● **To do**
There is one span to output from the data below: the lines starting at the line with "using 2 x(1)" and ending at the line with "by (rule independent_path_witness)". Output it exactly, ends included, nothing more.

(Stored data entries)

= = =

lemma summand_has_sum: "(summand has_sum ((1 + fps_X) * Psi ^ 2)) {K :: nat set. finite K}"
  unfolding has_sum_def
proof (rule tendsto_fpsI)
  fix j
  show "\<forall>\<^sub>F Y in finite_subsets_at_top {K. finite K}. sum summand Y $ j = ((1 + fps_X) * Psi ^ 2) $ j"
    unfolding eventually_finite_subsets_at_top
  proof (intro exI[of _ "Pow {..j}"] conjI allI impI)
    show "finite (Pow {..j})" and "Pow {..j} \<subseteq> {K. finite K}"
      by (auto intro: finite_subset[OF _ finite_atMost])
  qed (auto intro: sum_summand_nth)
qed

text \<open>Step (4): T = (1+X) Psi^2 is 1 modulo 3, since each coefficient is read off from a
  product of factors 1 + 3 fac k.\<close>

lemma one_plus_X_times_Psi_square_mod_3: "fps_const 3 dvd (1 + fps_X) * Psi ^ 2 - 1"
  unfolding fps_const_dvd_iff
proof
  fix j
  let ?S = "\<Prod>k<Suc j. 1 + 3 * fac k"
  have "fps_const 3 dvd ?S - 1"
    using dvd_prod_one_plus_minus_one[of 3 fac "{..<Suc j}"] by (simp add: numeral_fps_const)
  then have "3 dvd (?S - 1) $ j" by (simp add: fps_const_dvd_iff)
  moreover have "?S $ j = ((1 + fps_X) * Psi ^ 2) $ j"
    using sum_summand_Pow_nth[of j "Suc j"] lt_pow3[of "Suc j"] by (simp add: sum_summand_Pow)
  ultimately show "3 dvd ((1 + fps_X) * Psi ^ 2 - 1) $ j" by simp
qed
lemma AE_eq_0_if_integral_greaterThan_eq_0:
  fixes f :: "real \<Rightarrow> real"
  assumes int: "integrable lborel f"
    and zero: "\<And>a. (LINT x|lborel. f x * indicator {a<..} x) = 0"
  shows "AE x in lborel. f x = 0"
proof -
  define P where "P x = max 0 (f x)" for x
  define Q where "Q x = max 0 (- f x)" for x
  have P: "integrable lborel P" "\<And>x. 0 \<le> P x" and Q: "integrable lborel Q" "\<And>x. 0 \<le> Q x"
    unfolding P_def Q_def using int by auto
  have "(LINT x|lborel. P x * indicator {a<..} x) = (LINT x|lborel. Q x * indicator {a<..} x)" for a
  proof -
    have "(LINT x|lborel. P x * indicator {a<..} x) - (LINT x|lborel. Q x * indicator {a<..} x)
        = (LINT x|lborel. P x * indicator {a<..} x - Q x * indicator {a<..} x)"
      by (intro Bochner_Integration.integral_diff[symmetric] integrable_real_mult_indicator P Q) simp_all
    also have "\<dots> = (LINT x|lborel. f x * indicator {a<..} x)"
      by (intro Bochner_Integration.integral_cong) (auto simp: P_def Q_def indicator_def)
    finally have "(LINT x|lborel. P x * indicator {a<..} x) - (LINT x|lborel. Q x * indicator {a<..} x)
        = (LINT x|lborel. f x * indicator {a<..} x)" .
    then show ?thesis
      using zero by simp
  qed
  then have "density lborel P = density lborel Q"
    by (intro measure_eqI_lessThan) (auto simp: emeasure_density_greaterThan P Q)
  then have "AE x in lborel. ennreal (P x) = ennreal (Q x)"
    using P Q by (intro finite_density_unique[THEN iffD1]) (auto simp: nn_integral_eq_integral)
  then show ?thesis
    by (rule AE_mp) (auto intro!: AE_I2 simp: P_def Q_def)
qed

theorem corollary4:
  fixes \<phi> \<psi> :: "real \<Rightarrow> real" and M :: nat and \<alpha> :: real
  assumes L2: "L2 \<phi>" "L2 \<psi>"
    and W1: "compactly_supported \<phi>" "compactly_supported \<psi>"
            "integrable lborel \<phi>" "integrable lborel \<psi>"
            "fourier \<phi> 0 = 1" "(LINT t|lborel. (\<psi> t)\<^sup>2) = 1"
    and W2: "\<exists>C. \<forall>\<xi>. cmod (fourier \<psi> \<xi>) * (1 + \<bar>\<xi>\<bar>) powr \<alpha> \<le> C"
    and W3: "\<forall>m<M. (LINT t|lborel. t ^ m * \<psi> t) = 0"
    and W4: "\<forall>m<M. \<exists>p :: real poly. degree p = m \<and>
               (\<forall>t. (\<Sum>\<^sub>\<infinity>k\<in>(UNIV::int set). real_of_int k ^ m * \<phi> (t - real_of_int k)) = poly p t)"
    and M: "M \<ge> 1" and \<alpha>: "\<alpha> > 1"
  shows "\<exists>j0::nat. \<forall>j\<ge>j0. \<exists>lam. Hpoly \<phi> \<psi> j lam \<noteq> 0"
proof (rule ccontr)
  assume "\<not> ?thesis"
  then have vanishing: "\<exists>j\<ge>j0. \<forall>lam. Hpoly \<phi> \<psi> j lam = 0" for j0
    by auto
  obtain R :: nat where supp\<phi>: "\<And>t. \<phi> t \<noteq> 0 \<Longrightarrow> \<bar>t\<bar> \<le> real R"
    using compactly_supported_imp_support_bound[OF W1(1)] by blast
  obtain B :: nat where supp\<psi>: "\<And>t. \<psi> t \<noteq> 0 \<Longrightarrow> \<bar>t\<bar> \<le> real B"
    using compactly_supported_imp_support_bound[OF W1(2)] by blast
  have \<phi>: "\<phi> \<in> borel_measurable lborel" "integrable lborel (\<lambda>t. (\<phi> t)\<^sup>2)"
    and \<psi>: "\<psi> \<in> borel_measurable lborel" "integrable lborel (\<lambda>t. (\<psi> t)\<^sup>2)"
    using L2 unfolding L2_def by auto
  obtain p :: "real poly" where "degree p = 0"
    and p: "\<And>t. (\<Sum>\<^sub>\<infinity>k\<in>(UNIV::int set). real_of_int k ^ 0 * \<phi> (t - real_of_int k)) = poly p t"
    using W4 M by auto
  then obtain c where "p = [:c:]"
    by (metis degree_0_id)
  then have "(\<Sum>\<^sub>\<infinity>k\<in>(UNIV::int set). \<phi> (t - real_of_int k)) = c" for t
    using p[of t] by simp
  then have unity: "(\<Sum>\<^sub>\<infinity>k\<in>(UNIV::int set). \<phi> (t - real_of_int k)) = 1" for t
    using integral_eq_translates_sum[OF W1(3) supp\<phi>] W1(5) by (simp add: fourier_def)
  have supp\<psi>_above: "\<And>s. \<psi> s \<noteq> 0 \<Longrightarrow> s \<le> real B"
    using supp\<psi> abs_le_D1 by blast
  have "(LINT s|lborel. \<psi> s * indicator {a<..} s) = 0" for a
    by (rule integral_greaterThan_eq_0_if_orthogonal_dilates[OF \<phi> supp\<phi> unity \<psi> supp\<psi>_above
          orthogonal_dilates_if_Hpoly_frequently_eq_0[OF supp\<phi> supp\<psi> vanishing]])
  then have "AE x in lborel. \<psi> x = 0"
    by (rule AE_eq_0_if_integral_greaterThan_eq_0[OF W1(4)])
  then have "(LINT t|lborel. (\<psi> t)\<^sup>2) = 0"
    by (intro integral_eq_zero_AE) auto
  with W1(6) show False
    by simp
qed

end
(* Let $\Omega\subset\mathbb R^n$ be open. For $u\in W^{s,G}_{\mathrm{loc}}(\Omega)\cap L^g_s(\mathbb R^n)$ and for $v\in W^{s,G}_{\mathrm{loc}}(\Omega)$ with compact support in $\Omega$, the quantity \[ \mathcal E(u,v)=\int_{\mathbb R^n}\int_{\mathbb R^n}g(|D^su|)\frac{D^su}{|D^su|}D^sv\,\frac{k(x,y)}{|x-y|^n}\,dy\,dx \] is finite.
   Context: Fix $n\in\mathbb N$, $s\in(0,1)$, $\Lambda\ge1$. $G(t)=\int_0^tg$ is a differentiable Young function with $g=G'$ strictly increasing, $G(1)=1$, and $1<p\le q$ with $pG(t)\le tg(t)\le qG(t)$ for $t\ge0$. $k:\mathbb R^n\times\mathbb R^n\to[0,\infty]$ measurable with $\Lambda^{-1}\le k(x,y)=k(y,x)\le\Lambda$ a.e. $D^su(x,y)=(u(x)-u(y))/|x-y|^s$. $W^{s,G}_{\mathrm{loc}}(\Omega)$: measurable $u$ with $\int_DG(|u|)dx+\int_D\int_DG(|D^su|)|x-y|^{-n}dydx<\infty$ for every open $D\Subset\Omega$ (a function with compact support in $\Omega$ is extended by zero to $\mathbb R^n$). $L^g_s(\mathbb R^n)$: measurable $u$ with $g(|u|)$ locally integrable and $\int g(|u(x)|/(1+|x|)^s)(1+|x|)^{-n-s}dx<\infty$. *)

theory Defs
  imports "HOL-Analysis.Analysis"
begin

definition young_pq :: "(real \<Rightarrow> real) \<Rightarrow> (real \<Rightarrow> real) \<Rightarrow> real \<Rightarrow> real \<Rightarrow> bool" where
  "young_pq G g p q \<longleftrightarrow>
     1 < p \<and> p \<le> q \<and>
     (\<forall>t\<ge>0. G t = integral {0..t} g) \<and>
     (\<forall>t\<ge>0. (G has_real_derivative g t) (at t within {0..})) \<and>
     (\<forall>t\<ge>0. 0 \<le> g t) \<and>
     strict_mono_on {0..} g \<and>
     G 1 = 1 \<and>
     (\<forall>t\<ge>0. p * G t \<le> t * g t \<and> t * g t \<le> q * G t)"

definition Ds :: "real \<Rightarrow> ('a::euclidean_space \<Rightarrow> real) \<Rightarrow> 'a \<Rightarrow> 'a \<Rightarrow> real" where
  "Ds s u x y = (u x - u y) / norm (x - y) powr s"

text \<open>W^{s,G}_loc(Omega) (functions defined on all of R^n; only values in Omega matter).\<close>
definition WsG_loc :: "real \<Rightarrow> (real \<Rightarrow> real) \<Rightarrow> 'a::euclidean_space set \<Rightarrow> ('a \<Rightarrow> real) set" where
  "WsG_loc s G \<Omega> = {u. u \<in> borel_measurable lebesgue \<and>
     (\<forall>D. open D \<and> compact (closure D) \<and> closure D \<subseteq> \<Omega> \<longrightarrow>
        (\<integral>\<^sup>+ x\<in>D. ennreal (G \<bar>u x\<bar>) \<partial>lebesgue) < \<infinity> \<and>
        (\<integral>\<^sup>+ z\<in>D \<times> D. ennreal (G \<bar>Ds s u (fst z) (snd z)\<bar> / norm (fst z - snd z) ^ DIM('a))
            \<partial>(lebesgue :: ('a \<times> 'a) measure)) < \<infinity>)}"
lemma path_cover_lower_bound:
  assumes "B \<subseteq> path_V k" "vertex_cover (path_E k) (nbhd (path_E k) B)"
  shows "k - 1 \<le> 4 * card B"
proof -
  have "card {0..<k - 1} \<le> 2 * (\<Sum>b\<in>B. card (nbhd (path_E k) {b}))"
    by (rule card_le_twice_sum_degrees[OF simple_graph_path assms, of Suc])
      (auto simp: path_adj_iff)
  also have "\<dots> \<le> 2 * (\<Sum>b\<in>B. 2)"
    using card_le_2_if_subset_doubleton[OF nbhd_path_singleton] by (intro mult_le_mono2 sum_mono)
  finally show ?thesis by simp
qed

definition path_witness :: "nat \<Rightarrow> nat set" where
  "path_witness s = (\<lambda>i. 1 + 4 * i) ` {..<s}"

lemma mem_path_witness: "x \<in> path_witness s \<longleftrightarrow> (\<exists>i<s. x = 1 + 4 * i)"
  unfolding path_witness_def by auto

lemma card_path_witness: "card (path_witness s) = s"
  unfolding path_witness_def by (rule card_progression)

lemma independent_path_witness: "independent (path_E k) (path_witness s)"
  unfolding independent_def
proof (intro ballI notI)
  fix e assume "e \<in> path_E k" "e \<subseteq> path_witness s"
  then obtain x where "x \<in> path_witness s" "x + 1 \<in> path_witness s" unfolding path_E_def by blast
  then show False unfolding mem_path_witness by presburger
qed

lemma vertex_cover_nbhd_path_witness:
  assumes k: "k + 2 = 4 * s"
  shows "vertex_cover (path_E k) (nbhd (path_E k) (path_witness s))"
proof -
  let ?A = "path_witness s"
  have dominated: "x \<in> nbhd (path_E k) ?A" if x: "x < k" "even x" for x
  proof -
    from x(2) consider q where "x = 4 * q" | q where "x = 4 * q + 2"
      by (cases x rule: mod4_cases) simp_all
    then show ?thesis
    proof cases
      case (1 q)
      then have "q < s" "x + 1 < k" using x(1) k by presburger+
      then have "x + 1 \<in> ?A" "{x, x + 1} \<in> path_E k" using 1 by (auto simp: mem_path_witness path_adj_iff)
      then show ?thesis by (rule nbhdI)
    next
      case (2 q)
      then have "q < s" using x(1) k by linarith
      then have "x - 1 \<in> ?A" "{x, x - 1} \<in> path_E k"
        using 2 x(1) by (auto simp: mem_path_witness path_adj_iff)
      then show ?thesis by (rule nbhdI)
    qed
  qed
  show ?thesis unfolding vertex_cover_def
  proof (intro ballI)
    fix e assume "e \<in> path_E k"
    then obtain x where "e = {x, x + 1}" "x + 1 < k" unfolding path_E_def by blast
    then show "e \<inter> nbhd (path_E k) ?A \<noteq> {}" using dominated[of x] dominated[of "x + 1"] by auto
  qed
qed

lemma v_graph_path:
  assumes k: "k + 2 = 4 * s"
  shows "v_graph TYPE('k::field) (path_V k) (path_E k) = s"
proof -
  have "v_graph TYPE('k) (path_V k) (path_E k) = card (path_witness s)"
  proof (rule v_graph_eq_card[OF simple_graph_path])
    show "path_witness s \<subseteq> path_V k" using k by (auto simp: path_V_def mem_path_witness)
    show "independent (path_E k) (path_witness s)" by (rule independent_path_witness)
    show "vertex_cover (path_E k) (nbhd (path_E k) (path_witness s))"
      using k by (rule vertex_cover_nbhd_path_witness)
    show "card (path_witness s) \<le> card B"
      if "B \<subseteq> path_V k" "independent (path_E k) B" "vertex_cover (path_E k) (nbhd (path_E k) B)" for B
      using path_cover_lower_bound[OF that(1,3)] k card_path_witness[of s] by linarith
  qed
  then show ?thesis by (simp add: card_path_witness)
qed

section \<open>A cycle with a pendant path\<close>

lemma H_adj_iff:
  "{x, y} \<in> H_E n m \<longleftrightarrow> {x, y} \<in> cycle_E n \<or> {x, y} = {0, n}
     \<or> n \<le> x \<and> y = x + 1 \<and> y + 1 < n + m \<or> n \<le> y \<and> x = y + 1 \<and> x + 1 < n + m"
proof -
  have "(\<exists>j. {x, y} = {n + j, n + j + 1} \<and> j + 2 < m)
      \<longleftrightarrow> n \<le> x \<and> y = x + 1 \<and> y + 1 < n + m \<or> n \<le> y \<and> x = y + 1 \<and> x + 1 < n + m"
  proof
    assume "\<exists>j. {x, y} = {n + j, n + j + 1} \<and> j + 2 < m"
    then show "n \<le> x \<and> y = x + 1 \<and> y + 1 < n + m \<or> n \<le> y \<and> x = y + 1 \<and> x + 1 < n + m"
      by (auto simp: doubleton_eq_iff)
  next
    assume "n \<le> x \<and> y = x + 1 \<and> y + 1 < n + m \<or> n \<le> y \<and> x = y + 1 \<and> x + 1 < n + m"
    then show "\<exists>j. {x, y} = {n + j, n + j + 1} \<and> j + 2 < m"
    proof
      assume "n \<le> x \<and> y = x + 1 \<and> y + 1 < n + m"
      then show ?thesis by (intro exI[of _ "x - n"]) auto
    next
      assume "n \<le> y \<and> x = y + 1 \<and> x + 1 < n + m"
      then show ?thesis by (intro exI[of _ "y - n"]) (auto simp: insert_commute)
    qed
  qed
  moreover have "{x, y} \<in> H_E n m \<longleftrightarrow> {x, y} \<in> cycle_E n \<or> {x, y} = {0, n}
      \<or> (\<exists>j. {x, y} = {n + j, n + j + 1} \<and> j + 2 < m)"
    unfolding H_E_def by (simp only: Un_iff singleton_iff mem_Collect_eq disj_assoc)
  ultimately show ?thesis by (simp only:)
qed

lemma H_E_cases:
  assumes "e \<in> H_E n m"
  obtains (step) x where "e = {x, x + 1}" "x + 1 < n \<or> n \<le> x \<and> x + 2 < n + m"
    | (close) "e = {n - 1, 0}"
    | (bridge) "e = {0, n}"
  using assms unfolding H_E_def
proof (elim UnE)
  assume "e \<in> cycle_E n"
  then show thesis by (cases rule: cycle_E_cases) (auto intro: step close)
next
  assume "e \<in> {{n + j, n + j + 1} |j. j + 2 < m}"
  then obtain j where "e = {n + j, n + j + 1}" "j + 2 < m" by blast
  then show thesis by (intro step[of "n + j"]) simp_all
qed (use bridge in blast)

= = =

● **Answer area**
        using 2 x(1) by (auto simp: mem_path_witness path_adj_iff)
      then show ?thesis by (rule nbhdI)
    qed
  qed
  show ?thesis unfolding vertex_cover_def
  proof (intro ballI)
    fix e assume "e \<in> path_E k"
    then obtain x where "e = {x, x + 1}" "x + 1 < k" unfolding path_E_def by blast
    then show "e \<inter> nbhd (path_E k) ?A \<noteq> {}" using dominated[of x] dominated[of "x + 1"] by auto
  qed
qed

lemma v_graph_path:
  assumes k: "k + 2 = 4 * s"
  shows "v_graph TYPE('k::field) (path_V k) (path_E k) = s"
proof -
  have "v_graph TYPE('k) (path_V k) (path_E k) = card (path_witness s)"
  proof (rule v_graph_eq_card[OF simple_graph_path])
    show "path_witness s \<subseteq> path_V k" using k by (auto simp: path_V_def mem_path_witness)
    show "independent (path_E k) (path_witness s)" by (rule independent_path_witness)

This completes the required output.